Nouveaux détails sur la fatwa de mort
Selon le *New York Times*, les procureurs ont indiqué qu’en mai 2022, Hadi Matar avait envoyé un message à un individu en Iran identifié comme « Kamyar ». D’après l’accusation, Matar écrivait qu’il connaissait l’endroit où se trouvait Rushdie mais qu’il s’interrogeait sur la manière de mener l’attaque.
Selon ces mêmes documents judiciaires, Matar a également demandé si la fatwa de mort visant Salman Rushdie était toujours en vigueur. Les procureurs affirment qu’après que l’individu lui a assuré que la fatwa était toujours d’actualité, Matar a décidé de passer à l’acte. Ces allégations ont été présentées au tribunal dans le cadre des éléments de preuve et des arguments juridiques de l’accusation, et le *New York Times* a fondé son rapport sur ces documents.

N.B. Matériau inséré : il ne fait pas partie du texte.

theorem psd_sqrt_in_eigenbasis:
  assumes C: "psd C" and B: "orthonormal_basis B" and l: "\<And>b. b \<in> B \<Longrightarrow> C *v b = l b *\<^sub>R b"
  shows "psd (psd_sqrt C)" "psd_sqrt C ** psd_sqrt C = C"
    "\<And>b. b \<in> B \<Longrightarrow> psd_sqrt C *v b = sqrt (l b) *\<^sub>R b"
proof -
  have l_nonneg: "l b \<ge> 0" if "b \<in> B" for b
    using psd_eigenvalue_nonneg[OF C _ l[OF that]] B that by (simp add: orthonormal_basis_def)
  obtain S where S: "psd S" "\<And>b. b \<in> B \<Longrightarrow> S *v b = sqrt (l b) *\<^sub>R b"
    using psd_diagonal_in_orthonormal_basis[OF B, of "\<lambda>b. sqrt (l b)"] l_nonneg by auto
  have SS: "S ** S = C"
    using B by (rule matrix_eq_on_orthonormal_basis)
      (simp add: S l l_nonneg matrix_vector_mul_assoc[symmetric] matrix_vector_mult_scaleR)
  have unique: "P = S" if "psd P" "P ** P = C" for P
    using B by (rule matrix_eq_on_orthonormal_basis)
      (simp add: S psd_square_root_on_eigenvector[OF that l l_nonneg])
  have "psd_sqrt C = S"
    unfolding psd_sqrt_def by (rule the_equality) (use S(1) SS unique in blast)+
  then show "psd (psd_sqrt C)" "psd_sqrt C ** psd_sqrt C = C"
    "\<And>b. b \<in> B \<Longrightarrow> psd_sqrt C *v b = sqrt (l b) *\<^sub>R b"
    using S SS by auto
qed

corollary psd_psd_sqrt:
  assumes "psd C"
  shows "psd (psd_sqrt C)"
proof -
  have "transpose C = C" using assms by (simp add: psd_def)
  then obtain B l where "orthonormal_basis B" "\<And>b. b \<in> B \<Longrightarrow> C *v b = l b *\<^sub>R b"
    using symmetric_matrix_orthonormal_eigenbasis by metis
  then show ?thesis using psd_sqrt_in_eigenbasis(1)[OF assms] by blast
qed

lemma orthonormal_family_extend:
  fixes u :: "'i \<Rightarrow> 'a::euclidean_space"
  assumes I: "finite I" "J \<subseteq> I" "card I \<le> DIM('a)"
    and u: "\<And>i j. i \<in> J \<Longrightarrow> j \<in> J \<Longrightarrow> u i \<bullet> u j = (if i = j then 1 else 0)"
  obtains w where "\<And>i. i \<in> J \<Longrightarrow> w i = u i"
    "\<And>i j. i \<in> I \<Longrightarrow> j \<in> I \<Longrightarrow> w i \<bullet> w j = (if i = j then 1 else 0)"
proof -
  have inj: "inj_on u J"
    by (rule inj_onI) (metis u zero_neq_one)
  have "pairwise orthogonal (u ` J)"
    using u by (auto simp: pairwise_def orthogonal_def inj_on_eq_iff[OF inj])
  moreover have "0 \<notin> u ` J"
    using u by (metis imageE inner_zero_left zero_neq_one)
  ultimately have ind: "independent (u ` J)"
    by (rule pairwise_orthogonal_independent)
  define Q where "Q = {y. \<forall>x\<in>span (u ` J). orthogonal x y}"
  have Q: "subspace Q"
    unfolding Q_def by (rule subspace_orthogonal_to_vectors)
  have "dim {y \<in> UNIV. \<forall>x\<in>span (u ` J). orthogonal x y} + dim (span (u ` J)) = dim (UNIV :: 'a set)"
    by (rule dim_subspace_orthogonal_to_vectors) auto
  then have "dim Q + card J = DIM('a)"
    using ind inj by (simp add: Q_def dim_span dim_eq_card_independent card_image)
  moreover obtain E where E: "E \<subseteq> Q" "pairwise orthogonal E" "\<And>x. x \<in> E \<Longrightarrow> norm x = 1"
    "independent E" "card E = dim Q"
    using orthonormal_basis_subspace[OF Q] by metis
  ultimately have "card (I - J) \<le> card E"
    using I by (simp add: card_Diff_subset finite_subset)
  then obtain g where g: "g ` (I - J) \<subseteq> E" "inj_on g (I - J)"
    using card_le_inj[of "I - J" E] I(1) E(4) independent_imp_finite by blast
  define w where "w i = (if i \<in> J then u i else g i)" for i
  have "w i \<bullet> w j = (if i = j then 1 else 0)" if "i \<in> I" "j \<in> I" for i j
  proof -
    have Qorth: "u i \<bullet> y = 0" if "i \<in> J" "y \<in> Q" for i y
      using that by (auto simp: Q_def orthogonal_def intro: span_base)
    have gE: "g i \<in> E" if "i \<in> I - J" for i using g(1) that by blast
    have "g i \<bullet> g j = (if i = j then 1 else 0)" if "i \<in> I - J" "j \<in> I - J"
      using gE[OF that(1)] gE[OF that(2)] E(2,3) inj_on_eq_iff[OF g(2) that]
      by (auto simp: pairwise_def orthogonal_def norm_eq_1)
    then show ?thesis
      using that u Qorth[of i "g j"] Qorth[of j "g i"] gE E(1)
      by (auto simp: w_def inner_commute)
  qed
  then show ?thesis using that[of w] by (simp add: w_def)
qed

lemma orthonormal_basis_card:
  fixes B :: "'a::euclidean_space set"
  assumes "orthonormal_basis B"
  shows "card B = DIM('a)"
proof -
  have "independent B"
    using assms pairwise_orthogonal_independent[of B]
    by (metis norm_zero orthonormal_basis_def zero_neq_one)
  then show ?thesis
    using assms dim_eq_card_independent[of B] dim_span[of B] by (simp add: orthonormal_basis_def)
qed

lemma transpose_mult_self_eq_mat_1:
  fixes P :: "real^'m^'n"
  assumes "\<And>x y. (P *v x) \<bullet> (P *v y) = x \<bullet> y"
  shows "transpose P ** P = mat 1"
proof -
  have "x \<bullet> ((transpose P ** P) *v y) = x \<bullet> (mat 1 *v y)" for x y
    using assms[of x y] by (metis dot_lmul_matrix matrix_vector_mul_assoc matrix_vector_mul_lid
        transpose_matrix_vector inner_commute)
  then show ?thesis by (metis matrix_eq vector_eq_ldot)
qed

L’attaque contre Salman Rushdie
Le 12 août 2022, Salman Rushdie a été poignardé alors qu’il s’apprêtait à prendre la parole à la Chautauqua Institution, dans l’État de New York. Hadi Matar a fait irruption sur scène et a agressé l’écrivain, lui infligeant plusieurs coups de couteau.
Rushdie a été grièvement blessé lors de l’attaque. Il a perdu l’usage d’un œil et a subi de graves lésions nerveuses à l’une de ses mains. Le personnel de sécurité présent sur place a immédiatement maîtrisé l’agresseur, et des poursuites pénales ont été engagées par la suite.

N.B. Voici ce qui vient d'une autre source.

lemma index_kron:
  "i < dim_row A * dim_row B \<Longrightarrow> j < dim_col A * dim_col B \<Longrightarrow>
   kron A B $$ (i, j) = A $$ (i div dim_row B, j div dim_col B) * B $$ (i mod dim_row B, j mod dim_col B)"
  by (simp add: kron_def)

lemma kron_carrier_mat:
  "A \<in> carrier_mat p q \<Longrightarrow> B \<in> carrier_mat n r \<Longrightarrow> kron A B \<in> carrier_mat (p * n) (q * r)"
  by (rule carrier_matI) simp_all

lemma kron_mult_stack_nth:
  assumes A: "A \<in> carrier_mat p q" and B: "B \<in> carrier_mat n r"
    and w: "\<And>c. c < q \<Longrightarrow> w c \<in> carrier_vec r" and m: "m < p * n"
  shows "(kron A B *\<^sub>v stack q r w) $ m = (\<Sum>c<q. A $$ (m div n, c) * (B *\<^sub>v w c) $ (m mod n))"
proof -
  have dims: "dim_row A = p" "dim_col A = q" "dim_row B = n" "dim_col B = r"
    using A B by auto
  have mn: "m mod n < n" using div_mod_less_of_less_mult[OF m] by simp
  have "(kron A B *\<^sub>v stack q r w) $ m = (\<Sum>k<q * r. kron A B $$ (m, k) * stack q r w $ k)"
    by (rule mult_mat_vec_nth[OF kron_carrier_mat[OF A B] carrier_vecI m]) simp
  also have "\<dots> = (\<Sum>c<q. \<Sum>t<r. kron A B $$ (m, c * r + t) * stack q r w $ (c * r + t))"
    by (rule sum_lessThan_mult_nat)
  also have "\<dots> = (\<Sum>c<q. \<Sum>t<r. A $$ (m div n, c) * B $$ (m mod n, t) * w c $ t)"
    using m by (intro sum.cong refl) (simp add: index_kron dims stack_def mult_add_less_mult_nat)
  also have "\<dots> = (\<Sum>c<q. A $$ (m div n, c) * (B *\<^sub>v w c) $ (m mod n))"
    using mn by (intro sum.cong refl) (simp add: mult_mat_vec_nth[OF B w] sum_distrib_left mult.assoc)
  finally show ?thesis .
qed

definition copy_mat :: "nat \<Rightarrow> nat \<Rightarrow> nat \<Rightarrow> real mat" where
  "copy_mat p i j = mat p p (\<lambda>(r, c). if r = i then of_bool (c = j) else of_bool (c = r))"

lemma dt_interconnection_copy_mat:
  assumes "j < p" shows "dt_interconnection p (copy_mat p i j)"
proof -
  have "(\<Sum>c<p. copy_mat p i j $$ (r, c)) = 1" if "r < p" for r
    using that assms by (cases "r = i") (simp_all add: copy_mat_def of_bool_def)
  then show ?thesis by (simp add: dt_interconnection_def copy_mat_def)
qed

lemma copy_step_stack:
  assumes ij: "i < p" "j < p" and Q: "Q \<in> carrier_mat n n"
    and w: "\<And>r. r < p \<Longrightarrow> w r \<in> carrier_vec n"
  shows "(1\<^sub>m (n * p) + kron (copy_mat p i j - 1\<^sub>m p) Q) *\<^sub>v stack p n w =
    stack p n (w(i := w i + Q *\<^sub>v (w j - w i)))"
    (is "(1\<^sub>m (n * p) + ?K) *\<^sub>v ?x = ?y")
proof -
  have dQ: "dim_row Q = n" "dim_col Q = n"
    using Q by auto
  have C: "copy_mat p i j - 1\<^sub>m p \<in> carrier_mat p p"
    by (rule carrier_matI) simp_all
  have K: "?K \<in> carrier_mat (p * n) (p * n)"
    by (rule kron_carrier_mat[OF C Q])
  have "(1\<^sub>m (n * p) + ?K) *\<^sub>v ?x = 1\<^sub>m (p * n) *\<^sub>v ?x + ?K *\<^sub>v ?x"
    unfolding mult.commute[of n p] by (rule add_mult_distrib_mat_vec[OF one_carrier_mat K]) simp
  then have split: "(1\<^sub>m (n * p) + ?K) *\<^sub>v ?x = ?x + ?K *\<^sub>v ?x"
    by simp
  show ?thesis
  proof (rule eq_vecI)
    fix m assume "m < dim_vec ?y"
    then have m: "m < p * n" by simp
    then have mn: "m div n < p" "m mod n < n"
      using div_mod_less_of_less_mult by blast+
    have "(?K *\<^sub>v ?x) $ m = (\<Sum>c<p. (copy_mat p i j - 1\<^sub>m p) $$ (m div n, c) * (Q *\<^sub>v w c) $ (m mod n))"
      by (rule kron_mult_stack_nth[OF C Q w m])
    also have "\<dots> = (if m div n = i then (Q *\<^sub>v w j) $ (m mod n) - (Q *\<^sub>v w i) $ (m mod n) else 0)"
      using ij mn by (simp add: copy_mat_def left_diff_distrib sum_subtractf
          if_distrib[of "\<lambda>x. x * _"] sum.delta' cong: if_cong)
    also have "\<dots> = (if m div n = i then (Q *\<^sub>v (w j - w i)) $ (m mod n) else 0)"
      using mult_minus_distrib_mat_vec[OF Q w[OF ij(2)] w[OF ij(1)]] mn dQ by simp
    finally have Kx: "(?K *\<^sub>v ?x) $ m = (if m div n = i then (Q *\<^sub>v (w j - w i)) $ (m mod n) else 0)" .
    have "((1\<^sub>m (n * p) + ?K) *\<^sub>v ?x) $ m = ?x $ m + (?K *\<^sub>v ?x) $ m"
      unfolding split using m dQ by (intro index_add_vec) auto
    then show "((1\<^sub>m (n * p) + ?K) *\<^sub>v ?x) $ m = ?y $ m"
      using Kx m mn dQ by simp
  qed (simp add: split dQ)
qed

lemma scalar_prod_self_nonneg: "0 \<le> v \<bullet> (v :: real vec)"
  by (simp add: scalar_prod_def sum_nonneg)

lemma abs_nth_le_vnorm:
  assumes "i < dim_vec v" shows "\<bar>v $ i\<bar> \<le> vnorm v"
proof -
  have "(v $ i)\<^sup>2 \<le> (\<Sum>j<dim_vec v. (v $ j)\<^sup>2)"
    using assms by (intro member_le_sum) auto
  also have "\<dots> = v \<bullet> v"
    by (simp add: scalar_prod_def lessThan_atLeast0 power2_eq_square)
  finally show ?thesis
    unfolding vnorm_def by (metis real_sqrt_abs real_sqrt_le_mono)
qed

text \<open>Orthogonal projection onto the span of u. For u = 0 the division by \<open>u \<bullet> u = 0\<close>
  makes it the zero matrix, which still lies in \<open>Qbar\<close>.\<close>

definition line_proj :: "real vec \<Rightarrow> real mat" where
  "line_proj u = mat (dim_vec u) (dim_vec u) (\<lambda>(r, c). u $ r * u $ c / (u \<bullet> u))"

lemma line_proj_carrier_mat: "line_proj u \<in> carrier_mat (dim_vec u) (dim_vec u)"
  by (simp add: line_proj_def)

lemma line_proj_mult_vec:
  assumes "v \<in> carrier_vec (dim_vec u)"
  shows "line_proj u *\<^sub>v v = ((u \<bullet> v) / (u \<bullet> u)) \<cdot>\<^sub>v u"
proof (rule eq_vecI)
  fix r assume "r < dim_vec ((u \<bullet> v) / (u \<bullet> u) \<cdot>\<^sub>v u)"
  then have r: "r < dim_vec u" by simp
  have "(line_proj u *\<^sub>v v) $ r = (\<Sum>c<dim_vec u. u $ r * u $ c / (u \<bullet> u) * v $ c)"
    using assms r by (subst mult_mat_vec_nth[where m = "dim_vec u"]) (auto simp: line_proj_def)
  also have "\<dots> = (u \<bullet> v) / (u \<bullet> u) * u $ r"
    using assms by (simp add: scalar_prod_def lessThan_atLeast0 sum_distrib_left sum_divide_distrib
        algebra_simps)
  finally show "(line_proj u *\<^sub>v v) $ r = ((u \<bullet> v) / (u \<bullet> u) \<cdot>\<^sub>v u) $ r"
    using r by simp
qed (simp add: line_proj_def)

lemma line_proj_in_Qbar: "line_proj u \<in> Qbar (dim_vec u)"
proof -
  have psd: "0 \<le> v \<bullet> (line_proj u *\<^sub>v v)" if v: "v \<in> carrier_vec (dim_vec u)" for v
  proof -
    have "v \<bullet> (line_proj u *\<^sub>v v) = (u \<bullet> v)\<^sup>2 / (u \<bullet> u)"
      using v by (simp add: line_proj_mult_vec comm_scalar_prod[of v _ u] power2_eq_square)
    then show ?thesis by (simp add: scalar_prod_self_nonneg)
  qed
  have contract: "vnorm (line_proj u *\<^sub>v v) \<le> vnorm v" if v: "v \<in> carrier_vec (dim_vec u)" for v
  proof -
    define t where "t = (u \<bullet> v) / (u \<bullet> u)"
    have u: "u \<in> carrier_vec (dim_vec u)" by simp
    have "(t \<cdot>\<^sub>v u) \<bullet> (t \<cdot>\<^sub>v u) \<le> v \<bullet> v"
    proof (cases "u \<bullet> u = 0")
      case True
      then show ?thesis by (simp add: t_def scalar_prod_self_nonneg)
    next
      case False
      then have tu: "t * (u \<bullet> u) = u \<bullet> v" by (simp add: t_def)
      have "(v - t \<cdot>\<^sub>v u) \<bullet> (v - t \<cdot>\<^sub>v u) = v \<bullet> v - 2 * t * (u \<bullet> v) + t * (t * (u \<bullet> u))"
        using u v by (simp add: minus_scalar_prod_distrib[where n = "dim_vec u"]
            scalar_prod_minus_distrib[where n = "dim_vec u"] comm_scalar_prod[OF v u] algebra_simps)
      also have "\<dots> = v \<bullet> v - (t \<cdot>\<^sub>v u) \<bullet> (t \<cdot>\<^sub>v u)"
        using u by (simp add: tu)
      finally show ?thesis using scalar_prod_self_nonneg[of "v - t \<cdot>\<^sub>v u"] by linarith
    qed
    then show ?thesis
      using v by (simp add: vnorm_def line_proj_mult_vec t_def)
  qed
  have "transpose_mat (line_proj u) = line_proj u"
    by (rule eq_matI) (auto simp: line_proj_def)
  with psd contract show ?thesis
    by (simp add: Qbar_def line_proj_def)
qed

definition vec2 :: "real \<Rightarrow> real \<Rightarrow> real vec" where
  "vec2 a b = vec 2 (\<lambda>i. if i = 0 then a else b)"

lemma vec2_carrier_vec [simp]: "vec2 a b \<in> carrier_vec 2"
  by (simp add: vec2_def)

lemma dim_vec2 [simp]: "dim_vec (vec2 a b) = 2"
  by (simp add: vec2_def)

lemma vec2_nth_0 [simp]: "vec2 a b $ 0 = a"
  by (simp add: vec2_def)

lemma vec2_nth_1 [simp]: "vec2 a b $ 1 = b"
  by (simp add: vec2_def)

lemma vec2_add [simp]: "vec2 a b + vec2 c d = vec2 (a + c) (b + d)"
  by (rule eq_vecI) (simp_all add: vec2_def)

lemma vec2_diff [simp]: "vec2 a b - vec2 c d = vec2 (a - c) (b - d)"
  by (rule eq_vecI) (simp_all add: vec2_def)

lemma smult_vec2 [simp]: "t \<cdot>\<^sub>v vec2 a b = vec2 (t * a) (t * b)"
  by (rule eq_vecI) (simp_all add: vec2_def)

lemma scalar_prod_vec2 [simp]: "vec2 a b \<bullet> vec2 c d = a * c + b * d"
  by (simp add: vec2_def scalar_prod_def numeral_2_eq_2)

lemma vec2_eq_iff [simp]: "vec2 a b = vec2 c d \<longleftrightarrow> a = c \<and> b = d"
  by (metis vec2_nth_0 vec2_nth_1)

definition drift_edge :: "nat \<Rightarrow> nat \<times> nat" where
  "drift_edge k = [(0, 1), (1, 0), (1, 2)] ! (k mod 3)"

definition drift_dir :: "nat \<Rightarrow> real vec" where
  "drift_dir k = [vec2 1 (-1), vec2 0 1, vec2 1 1] ! (k mod 3)"

definition drift_agents :: "nat \<Rightarrow> nat \<Rightarrow> real vec" where
  "drift_agents k r = (let c = real (k div 3) in
     [[vec2 c (- c), vec2 (c + 3) (1 - c), vec2 2 2],
      [vec2 (c + 1) (- c - 1), vec2 (c + 3) (1 - c), vec2 2 2],
      [vec2 (c + 1) (- c - 1), vec2 (c + 3) (- c - 1), vec2 2 2]] ! (k mod 3) ! r)"

definition drift_L :: "nat \<Rightarrow> real mat" where
  "drift_L k = copy_mat 3 (fst (drift_edge k)) (snd (drift_edge k))"

definition drift_Q :: "nat \<Rightarrow> real mat" where
  "drift_Q k = line_proj (drift_dir k)"

definition drift_state :: "nat \<Rightarrow> real vec" where
  "drift_state k = stack 3 2 (drift_agents k)"

lemma drift_edge_less: "fst (drift_edge k) < 3" "snd (drift_edge k) < 3"
proof -
  have "drift_edge k \<in> set [(0, 1), (1, 0), (1, 2)]"
    unfolding drift_edge_def by (rule nth_mem) simp
  then show "fst (drift_edge k) < 3" "snd (drift_edge k) < 3" by auto
qed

Contexte de la fatwa de mort
Les origines de l’affaire remontent à 1989. À la suite de la publication des *Versets sataniques*, Rouhollah Khomeini, alors dirigeant du régime iranien, a émis une fatwa appelant au meurtre de Salman Rushdie ainsi que des éditeurs ayant sciemment diffusé l’ouvrage. Depuis lors, la fatwa appelant au meurtre est demeurée l’un des sujets les plus controversés dans les relations entre l’Iran et les pays occidentaux, attirant à maintes reprises l’attention internationale au fil des décennies.
Un récent article du *New York Times* a de nouveau braqué les projecteurs sur cette affaire. Les procureurs estiment que les échanges présumés entre Hadi Matar et un individu en Iran pourraient éclairer la préparation de l’attaque. Toutefois, ces allégations ont été présentées dans le cadre de la procédure judiciaire en cours ; il appartient au tribunal d’examiner les éléments de preuve et d’en évaluer la validité.